#### [What you should do]
All lines in the records below with the word "else" must be returned.

··········

lemma alpha_refl: "i < n \<Longrightarrow> x \<in> A \<Longrightarrow> (x, x) \<in> \<alpha> i"
  using alpha_equiv by (auto simp: equiv_def refl_on_def)

lemma alpha_sym: "i < n \<Longrightarrow> (x, y) \<in> \<alpha> i \<Longrightarrow> (y, x) \<in> \<alpha> i"
  using alpha_equiv by (auto simp: equiv_def sym_def)

lemma exp_eq_double_half: "(2::nat) ^ n = 2 * 2 ^ (n - 1)"
  using n_ge_1 by (cases n) auto

lemma Delta_tuple: "v \<in> \<Delta> \<Longrightarrow> length v = 2 ^ n \<and> set v \<subseteq> A"
proof (induction rule: Delta.induct)
  case (gen i a b)
  then show ?case using alpha_in_A[of i a b] by (auto simp: cvec_def)
next
  case (app f vs)
  have "ops f (map (\<lambda>j. vs j ! k) [0..<ar f]) \<in> A" if "k < 2 ^ n" for k
    using app.IH that by (intro ops_closed) (auto simp: subset_iff)
  then show ?case by auto
qed

lemma length_Delta: "v \<in> \<Delta> \<Longrightarrow> length v = 2 ^ n"
  using Delta_tuple by blast

lemma nth_Delta_in_A: "v \<in> \<Delta> \<Longrightarrow> k < 2 ^ n \<Longrightarrow> v ! k \<in> A"
  using Delta_tuple by (metis nth_mem subsetD)

lemma Delta_term:
  assumes "t \<in> clo ar ops m" and "\<And>p. p < m \<Longrightarrow> vs p \<in> \<Delta>"
  shows "map (\<lambda>k. t (map (\<lambda>p. vs p ! k) [0..<m])) [0..<2 ^ n] \<in> \<Delta>"
  using assms(1)
proof (induction rule: clo.induct)
  case (proj i)
  then have "map (\<lambda>k. vs i ! k) [0..<2 ^ n] = vs i"
    using assms(2) length_Delta by (metis map_nth)
  then show ?case using proj assms(2) by simp
next
  case (app f ts)
  let ?w = "\<lambda>j. map (\<lambda>k. ts j (map (\<lambda>p. vs p ! k) [0..<m])) [0..<2 ^ n]"
  have "map (\<lambda>k. ops f (map (\<lambda>j. ?w j ! k) [0..<ar f])) [0..<2 ^ n] \<in> \<Delta>"
    using app.IH by (rule Delta.app)
  moreover have "map (\<lambda>k. ops f (map (\<lambda>j. ?w j ! k) [0..<ar f])) [0..<2 ^ n]
      = map (\<lambda>k. ops f (map (\<lambda>j. ts j (map (\<lambda>p. vs p ! k) [0..<m])) [0..<ar f])) [0..<2 ^ n]"
    by (rule map_cong) auto
  ultimately show ?case by simp
qed

lemma replicate_in_Delta: "a \<in> A \<Longrightarrow> replicate (2 ^ n) a \<in> \<Delta>"
  using Delta.gen[of 0 n a a \<alpha> ar ops] n_ge_1 alpha_refl
  by (simp add: cvec_def map_replicate_const)

lemma Delta_reindex:
  assumes \<sigma>: "\<And>k. k < 2 ^ n \<Longrightarrow> \<sigma> k < 2 ^ n"
    and gens: "\<And>i a b. i < n \<Longrightarrow> (a, b) \<in> \<alpha> i \<Longrightarrow> map (\<lambda>k. cvec n i a b ! \<sigma> k) [0..<2 ^ n] \<in> \<Delta>"
    and v: "v \<in> \<Delta>"
  shows "map (\<lambda>k. v ! \<sigma> k) [0..<2 ^ n] \<in> \<Delta>"
  using v
proof (induction rule: Delta.induct)
  case (gen i a b)
  then show ?case using gens by blast
next
  case (app f vs)
  let ?w = "\<lambda>j. map (\<lambda>k. vs j ! \<sigma> k) [0..<2 ^ n]"
  have "map (\<lambda>k. ops f (map (\<lambda>j. ?w j ! k) [0..<ar f])) [0..<2 ^ n] \<in> \<Delta>"
    using app.IH by (rule Delta.app)
  moreover have "map (\<lambda>k. ops f (map (\<lambda>j. ?w j ! k) [0..<ar f])) [0..<2 ^ n]
      = map (\<lambda>k. map (\<lambda>k. ops f (map (\<lambda>j. vs j ! k) [0..<ar f])) [0..<2 ^ n] ! \<sigma> k) [0..<2 ^ n]"
    by (rule map_cong) (auto simp: \<sigma>)
  ultimately show ?case by simp
qed

lemma Delta_reindex_xor:
  assumes "d < 2 ^ n" and "v \<in> \<Delta>"
  shows "map (\<lambda>k. v ! xor k d) [0..<2 ^ n] \<in> \<Delta>"
proof (rule Delta_reindex[OF _ _ assms(2)])
  fix i a b assume i: "i < n" and ab: "(a, b) \<in> \<alpha> i"
  have "map (\<lambda>k. cvec n i a b ! xor k d) [0..<2 ^ n] = (if bit d i then cvec n i b a else cvec n i a b)"
    using assms(1) by (intro nth_equalityI) (auto simp: xor_less_exp_nat bit_xor_iff)
  then show "map (\<lambda>k. cvec n i a b ! xor k d) [0..<2 ^ n] \<in> \<Delta>"
    using i ab alpha_sym by (auto intro: Delta.gen)
qed (use assms(1) xor_less_exp_nat in blast)

lemma Delta_reindex_mod_half:
  assumes "v \<in> \<Delta>"
  shows "map (\<lambda>k. v ! (k mod 2 ^ (n - 1))) [0..<2 ^ n] \<in> \<Delta>"
proof (rule Delta_reindex[OF _ _ assms])
  show mod_less: "k mod 2 ^ (n - 1) < (2::nat) ^ n" for k
  proof -
    have "k mod 2 ^ (n - 1) < (2::nat) ^ (n - 1)" by simp
    then show ?thesis using exp_eq_double_half by linarith
  qed
  fix i a b assume i: "i < n" and ab: "(a, b) \<in> \<alpha> i"
  have "map (\<lambda>k. cvec n i a b ! (k mod 2 ^ (n - 1))) [0..<2 ^ n] = cvec n i a (if i < n - 1 then b else a)"
    using mod_less by (intro nth_equalityI) (auto simp: bit_take_bit_iff simp flip: take_bit_eq_mod)
  then show "map (\<lambda>k. cvec n i a b ! (k mod 2 ^ (n - 1))) [0..<2 ^ n] \<in> \<Delta>"
    using i ab alpha_refl alpha_in_A by (auto intro: Delta.gen)
qed

lemma nth_Delta_eq_if_bits_agree:
  assumes trivial: "\<alpha> i0 \<subseteq> Id" and v: "v \<in> \<Delta>"
  shows "j < 2 ^ n \<Longrightarrow> j' < 2 ^ n \<Longrightarrow> (\<forall>i<n. i \<noteq> i0 \<longrightarrow> bit j i = bit j' i) \<Longrightarrow> v ! j = v ! j'"
  using v
proof (induction arbitrary: j j' rule: Delta.induct)
  case (gen i a b)
  then show ?case using trivial by (cases "i = i0") auto
next
  case (app f vs j j')
  have "vs l ! j = vs l ! j'" if "l < ar f" for l
    using app.IH[OF that] app.prems by blast
  then have "map (\<lambda>l. vs l ! j) [0..<ar f] = map (\<lambda>l. vs l ! j') [0..<ar f]"
    by (rule map_cong[OF refl]) simp
  then show ?case using app.prems by (simp del: map_eq_conv)
qed

definition corner :: "'a \<Rightarrow> 'a \<Rightarrow> 'a list" where
  "corner x y = replicate (2 ^ n - 1) x @ [y]"

lemma length_corner [simp]: "length (corner x y) = 2 ^ n"
  by (simp add: corner_def)

lemma nth_corner: "k < 2 ^ n \<Longrightarrow> corner x y ! k = (if k = 2 ^ n - 1 then y else x)"
  by (auto simp: corner_def nth_append)

lemma corner_same: "corner x x = replicate (2 ^ n) x"
  by (rule nth_equalityI) (auto simp: nth_corner)

lemma corner_eq_if_alpha_trivial:
  assumes "i0 < n" and "\<alpha> i0 \<subseteq> Id" and "corner a b \<in> \<Delta>"
  shows "a = b"
proof -
  obtain j :: nat where j: "j < 2 ^ n" "\<forall>i<n. bit j i \<longleftrightarrow> i \<noteq> i0"
    using ex_nat_with_bits[of n "\<lambda>i. i \<noteq> i0"] by blast
  have "j \<noteq> 2 ^ n - 1"
    using j assms(1) all_bits_iff_eq_exp_minus_1[of j n] by auto
  moreover have "corner a b ! (2 ^ n - 1) = corner a b ! j"
    using j all_bits_iff_eq_exp_minus_1[of "2 ^ n - 1" n]
    by (intro nth_Delta_eq_if_bits_agree[OF assms(2,3)]) auto
  ultimately show ?thesis using j(1) by (simp add: nth_corner)
qed

definition related_tuples :: "(nat \<Rightarrow> nat) \<Rightarrow> (nat \<Rightarrow> 'a list) \<Rightarrow> (nat \<Rightarrow> 'a list) \<Rightarrow> bool" where
  "related_tuples ms as bs \<longleftrightarrow> (\<forall>i<n. length (as i) = ms i \<and> length (bs i) = ms i \<and>
     set (as i) \<subseteq> A \<and> set (bs i) \<subseteq> A \<and> (\<forall>k<ms i. (as i ! k, bs i ! k) \<in> \<alpha> i))"

lemma centralizesI:
  assumes "\<And>ms as bs t. related_tuples ms as bs \<Longrightarrow> t \<in> clo ar ops (\<Sum>i<n. ms i) \<Longrightarrow>
      (\<And>s. \<exists>i<n - 1. \<not> s i \<Longrightarrow>
         (t (comm_args n as bs s (as (n - 1))), t (comm_args n as bs s (bs (n - 1)))) \<in> \<gamma>) \<Longrightarrow>
      (t (comm_args n as bs (\<lambda>_. True) (as (n - 1))),
       t (comm_args n as bs (\<lambda>_. True) (bs (n - 1)))) \<in> \<gamma>"
  shows "centralizes A ar ops n \<alpha> \<gamma>"
  unfolding centralizes_def
  by (intro allI impI, elim conjE, rule assms) (auto simp: related_tuples_def)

··········

#### [Answer to the problem]
  have "map (\<lambda>k. cvec n i a b ! xor k d) [0..<2 ^ n] = (if bit d i then cvec n i b a else cvec n i a b)"
  have "map (\<lambda>k. cvec n i a b ! (k mod 2 ^ (n - 1))) [0..<2 ^ n] = cvec n i a (if i < n - 1 then b else a)"
lemma nth_corner: "k < 2 ^ n \<Longrightarrow> corner x y ! k = (if k = 2 ^ n - 1 then y else x)"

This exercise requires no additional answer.